But the questions remain. Why was this ritual different from all other sin or guilt offerings? Why two goats rather than one?
The simplest answer is found within the commandment: “On this day atonement will be made for you, to cleanse you. Then, before the Lord, you will be clean from all your sins” (Leviticus 16:30). The routine offerings were for atonement. But on Yom Kippur there was something more: not only atonement but also purification, cleansing of the soul. Let me say it this way: you make ‘atonement’ for an offensive act. But purification is a work within the soul. It is possible to ‘atone’ for something we’ve done without necessarily receiving a soul cleansing if heart repentance does not accompany the act of atonement.

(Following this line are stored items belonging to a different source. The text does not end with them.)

text \<open>
  Positivity of the weights: \<open>M = (s - t) A\<close> is an irreducible Metzler matrix. Adding \<open>c I\<close>
  makes it nonnegative without changing its off-diagonal pattern, so each entry of some power
  of \<open>M + c I\<close> is reached along a path of positive entries, and \<open>exp M = e\<^sup>-\<^sup>c exp (M + c I)\<close>
  is entrywise positive.

  The formula: let \<open>v\<close> be the maximizer in the definition of the Hamiltonian of
  \<open>\<Sum>\<^sub>j d\<^sub>j L\<^sup>j\<close> at \<open>(x, p)\<close>. For every splitting \<open>p = \<Sum>\<^sub>j q\<^sub>j\<close> the Fenchel-Young inequality
  gives \<open>d\<^sub>j H\<^sup>j(x, q\<^sub>j / d\<^sub>j) \<ge> q\<^sub>j \<cdot> v - d\<^sub>j L\<^sup>j(x, v)\<close>, with equality iff
  \<open>q\<^sub>j = d\<^sub>j L\<^sup>j\<^sub>v(x, v)\<close>. Summing over \<open>j\<close> shows that the infimum is that Hamiltonian and is
  attained exactly at this splitting. All the \<open>H\<^sup>j(x, q\<^sub>j / d\<^sub>j)\<close> then share the maximizer \<open>v\<close>,
  which by the envelope theorem is their common \<open>p\<close>-gradient, while their \<open>x\<close>-gradients are
  \<open>-L\<^sup>j\<^sub>x(x, v)\<close> and hence add up with the weights \<open>d\<^sub>j\<close>.
\<close>

lemma mat_pow_entry_bound:
  fixes X :: "real^'n::finite^'n"
  shows "\<bar>mat_pow X k $ i $ j\<bar> \<le> (real CARD('n) * (\<Sum>a\<in>UNIV. \<Sum>b\<in>UNIV. \<bar>X$a$b\<bar>))^k"
proof (induction k arbitrary: i j)
  case 0 then show ?case by (simp add: mat_def)
next
  case (Suc k)
  let ?m = "\<Sum>a\<in>UNIV. \<Sum>b\<in>UNIV. \<bar>X$a$b\<bar>"
  have entry_le: "\<bar>X$a$b\<bar> \<le> ?m" for a b
  proof -
    have "\<bar>X$a$b\<bar> \<le> (\<Sum>b\<in>UNIV. \<bar>X$a$b\<bar>)" by (rule member_le_sum) auto
    also have "\<dots> \<le> ?m" by (rule member_le_sum[where f="\<lambda>a. \<Sum>b\<in>UNIV. \<bar>X$a$b\<bar>"]) (auto intro: sum_nonneg)
    finally show ?thesis .
  qed
  have "\<bar>mat_pow X (Suc k) $ i $ j\<bar> = \<bar>\<Sum>l\<in>UNIV. X$i$l * mat_pow X k $ l $ j\<bar>"
    by (simp add: matrix_matrix_mult_def)
  also have "\<dots> \<le> (\<Sum>l\<in>UNIV. \<bar>X$i$l\<bar> * \<bar>mat_pow X k $ l $ j\<bar>)"
    by (metis (no_types, lifting) abs_mult sum.cong sum_abs)
  also have "\<dots> \<le> (\<Sum>l\<in>(UNIV::'n set). ?m * (real CARD('n) * ?m)^k)"
    by (rule sum_mono, rule mult_mono) (use entry_le Suc in \<open>auto intro: sum_nonneg\<close>)
  also have "\<dots> = (real CARD('n) * ?m)^Suc k" by simp
  finally show ?case .
qed

lemma summable_mat_exp_entry:
  fixes X :: "real^'n::finite^'n"
  shows "summable (\<lambda>k. norm ((1 / fact k) * mat_pow X k $ i $ j))"
proof -
  let ?b = "real CARD('n) * (\<Sum>a\<in>UNIV. \<Sum>b\<in>UNIV. \<bar>X$a$b\<bar>)"
  show ?thesis
  proof (rule summable_comparison_test[OF _ summable_exp[of ?b]])
    show "\<exists>N. \<forall>n\<ge>N. norm (norm (1 / fact n * mat_pow X n $ i $ j)) \<le> inverse (fact n) * ?b ^ n"
      using mat_pow_entry_bound[of X] by (auto simp: abs_mult divide_inverse intro!: mult_left_mono)
  qed
qed

lemma mat_exp_entry:
  fixes X :: "real^'n::finite^'n"
  shows "mat_exp X $ i $ j = (\<Sum>k. (1 / fact k) * mat_pow X k $ i $ j)"
proof -
  define S where "S = (\<chi> i j. \<Sum>k. (1 / fact k) * mat_pow X k $ i $ j)"
  have "(\<lambda>k. (1 / fact k) *\<^sub>R mat_pow X k) sums S"
    unfolding sums_def
  proof (intro vec_tendstoI)
    fix a b
    have "(\<lambda>k. (1 / fact k) * mat_pow X k $ a $ b) sums (S $ a $ b)"
      unfolding S_def using summable_norm_cancel[OF summable_mat_exp_entry[of X a b]]
      by (simp add: summable_sums)
    then show "((\<lambda>x. (\<Sum>k<x. (1 / fact k) *\<^sub>R mat_pow X k) $ a $ b) \<longlongrightarrow> S $ a $ b) sequentially"
      by (simp add: sums_def sum_component)
  qed
  then have "mat_exp X = S" unfolding mat_exp_def by (rule sums_unique[symmetric])
  then show ?thesis unfolding S_def by simp
qed

lemma binomial_sum_Suc:
  fixes p :: "nat \<Rightarrow> real" and a :: real
  shows "(\<Sum>m\<le>k. real (k choose m) * a^(k-m) * p (Suc m)) + a * (\<Sum>m\<le>k. real (k choose m) * a^(k-m) * p m)
       = (\<Sum>m\<le>Suc k. real (Suc k choose m) * a^(Suc k - m) * p m)"
proof -
  have rhs: "(\<Sum>m\<le>Suc k. real (Suc k choose m) * a^(Suc k - m) * p m)
     = a^Suc k * p 0 + (\<Sum>m\<le>k. real (k choose m) * a^(k-m) * p (Suc m))
        + (\<Sum>m\<le>k. real (k choose Suc m) * a^(k-m) * p (Suc m))"
    by (simp add: sum.atMost_Suc_shift sum.distrib algebra_simps del: sum.atMost_Suc)
  have lhs: "a * (\<Sum>m\<le>k. real (k choose m) * a^(k-m) * p m)
       = a^Suc k * p 0 + (\<Sum>m\<le>k. real (k choose Suc m) * a^(k-m) * p (Suc m))"
  proof (cases k)
    case 0 then show ?thesis by simp
  next
    case (Suc k')
    have "a * (\<Sum>m\<le>k. real (k choose m) * a^(k-m) * p m)
        = a * (a^k * p 0 + (\<Sum>m\<le>k'. real (k choose Suc m) * a^(k - Suc m) * p (Suc m)))"
      using Suc by (simp only: sum.atMost_Suc_shift) simp
    also have "\<dots> = a^Suc k * p 0 + (\<Sum>m\<le>k'. real (k choose Suc m) * a^(k-m) * p (Suc m))"
      using Suc by (auto simp: sum_distrib_left algebra_simps Suc_diff_le intro!: sum.cong)
    also have "(\<Sum>m\<le>k'. real (k choose Suc m) * a^(k-m) * p (Suc m))
             = (\<Sum>m\<le>k. real (k choose Suc m) * a^(k-m) * p (Suc m))"
      using Suc by (simp only: sum.atMost_Suc) (simp add: binomial_eq_0)
    finally show ?thesis .
  qed
  show ?thesis using rhs lhs by simp
qed

lemma mat_pow_add_scalar:
  fixes X :: "real^'n::finite^'n"
  shows "mat_pow (X + a *\<^sub>R mat 1) k $ i $ j = (\<Sum>m\<le>k. real (k choose m) * a^(k-m) * mat_pow X m $ i $ j)"
proof (induction k arbitrary: i j)
  case 0 then show ?case by simp
next
  case (Suc k)
  have distrib: "(X + a *\<^sub>R mat 1) ** P = X ** P + a *\<^sub>R P" for P :: "real^'n^'n"
  proof -
    have "(X + a *\<^sub>R mat 1) ** P = X ** P + (a *\<^sub>R mat 1) ** P"
      by (simp add: matrix_matrix_mult_def vec_eq_iff sum.distrib distrib_right)
    also have "(a *\<^sub>R mat 1) ** P = a *\<^sub>R P"
      by (simp add: scalar_matrix_assoc[symmetric])
    finally show ?thesis .
  qed
  have "mat_pow (X + a *\<^sub>R mat 1) (Suc k) $ i $ j
      = (\<Sum>l\<in>UNIV. X $ i $ l * mat_pow (X + a *\<^sub>R mat 1) k $ l $ j) + a * mat_pow (X + a *\<^sub>R mat 1) k $ i $ j"
    by (simp only: mat_pow.simps distrib) (simp add: matrix_matrix_mult_def)
  also have "(\<Sum>l\<in>UNIV. X $ i $ l * mat_pow (X + a *\<^sub>R mat 1) k $ l $ j)
      = (\<Sum>m\<le>k. real (k choose m) * a^(k-m) * mat_pow X (Suc m) $ i $ j)"
    by (simp add: Suc sum_distrib_left matrix_matrix_mult_def sum_distrib_right algebra_simps
        sum.swap[where A=UNIV])
  finally show ?case using binomial_sum_Suc[of k a "\<lambda>m. mat_pow X m $ i $ j"] Suc by simp
qed
lemma cusp_curve_is_curve: "cusp_curve b \<in> curves" "cord (cusp_curve b) = enat 2"
proof -
  have "vanishes_to_order 2 (\<lambda>t. cusp_curve b t $ i)" for i
  proof -
    have "vanishes_to_order 2 (\<lambda>t. cusp_curve b t $ 1)"
      by (rule vanishes_to_orderI[of "\<lambda>_. 1"]) auto
    moreover have "vanishes_to_order 2 (\<lambda>t. cusp_curve b t $ 2)"
      by (rule vanishes_to_orderI[of "\<lambda>t. t"]) (auto simp: power2_eq_square power3_eq_cube)
    moreover have "vanishes_to_order 2 (\<lambda>t. cusp_curve b t $ 3)"
      by (rule vanishes_to_orderI[of "\<lambda>t. - b * t"])
        (auto intro!: holomorphic_intros simp: power2_eq_square power3_eq_cube)
    ultimately show ?thesis
      using exhaust_3[of i] by auto
  qed
  moreover have "ord0 (\<lambda>t. cusp_curve b t $ 1) = enat 2"
    by (rule ord0_eq_if_factor[of 1 "\<lambda>_. 1"]) auto
  moreover have "(\<lambda>t. cusp_curve b t $ i) holomorphic_on ball 0 1" for i
    using exhaust_3[of i] by (auto intro!: holomorphic_intros)
  moreover have "cusp_curve b 0 = 0"
    by (simp add: vec_eq_iff forall_3)
  ultimately show "cusp_curve b \<in> curves" "cord (cusp_curve b) = enat 2"
    using curves_cordI[of 1 "cusp_curve b" 2 1] by auto
qed

lemma generators_vanish_along_cusp_curve:
  "vanishes_to_order 6 (V_equation \<circ> cusp_curve b)"
  "vanishes_to_order 6 (z2_square \<circ> cusp_curve b)"
  by (rule vanishes_to_orderI[of "\<lambda>_. 1 + b"], simp,
      simp add: algebra_simps flip: power_mult power_add)
    (rule vanishes_to_orderI[of "\<lambda>_. 1"], simp, simp flip: power_mult)

definition z3_axis :: "complex \<Rightarrow> complex^3" where
  "z3_axis t = vector [0, 0, t]"

lemma z3_axis_nth [simp]: "z3_axis t $ 1 = 0" "z3_axis t $ 2 = 0" "z3_axis t $ 3 = t"
  by (simp_all add: z3_axis_def)

lemma z3_axis_is_curve: "z3_axis \<in> curves" "cord z3_axis = enat 1"
proof -
  have "vanishes_to_order 1 (\<lambda>t. z3_axis t $ i)" for i
    using exhaust_3[of i] vanishes_to_order_0 vanishes_to_orderI[of "\<lambda>_. 1" "\<lambda>t. t" 1] by auto
  moreover have "ord0 (\<lambda>t. z3_axis t $ 3) = enat 1"
    by (rule ord0_eq_if_factor[of 1 "\<lambda>_. 1"]) auto
  moreover have "(\<lambda>t. z3_axis t $ i) holomorphic_on ball 0 1" for i
    using exhaust_3[of i] by (auto intro!: holomorphic_intros)
  moreover have "z3_axis 0 = 0"
    by (simp add: vec_eq_iff forall_3)
  ultimately show "z3_axis \<in> curves" "cord z3_axis = enat 1"
    using curves_cordI[of 1 z3_axis 1 3] by auto
qed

After his adultery with Batsheva, King David cried out in Psalm 51:4, “Wash me thoroughly of my iniquity and cleanse me of my sin” (Psalm 51: 4). And further on, “Create in me a clean heart, O God…” Repentance opens the door to forgiveness but the damage done to our soul when we sin, needs also to be ‘healed’ in a manner of speaking. When the scapegoat was sent away, it symbolically carried all the stains and damage done to the souls of the people when they rebelled against the Lord God; stains that were not physical but mental and emotional. It is sometimes difficult to get rid of the sense of guilt and/or defilement after we have committed a transgression, even when we know we’ve been forgiven.
The sacrificed goat represented atonement. The goat sent away symbolized the inner cleansing of the moral stain. This brings to mind the the verse that says God casts our sins away from us as far as the east is from the west and He remembers them no more. (see Psalm 103)
Ironically, the scapegoat of Acharei Mot is the precise opposite of what we generally think ‘scapegoat’ means. Our modern interpretation of “Scapegoating,” means blaming someone else for our troubles. The scapegoat of Yom Kippur existed so that we would do just the opposite: We do not blame others for our fate. We accept responsibility. In the prayer of Yom Kippur, we declare, “because of our sins.”
Those who blame others, defining themselves as victims, are destined to remain victims. Those who accept responsibility mature and grow into the godly men and women God desires to see among His people.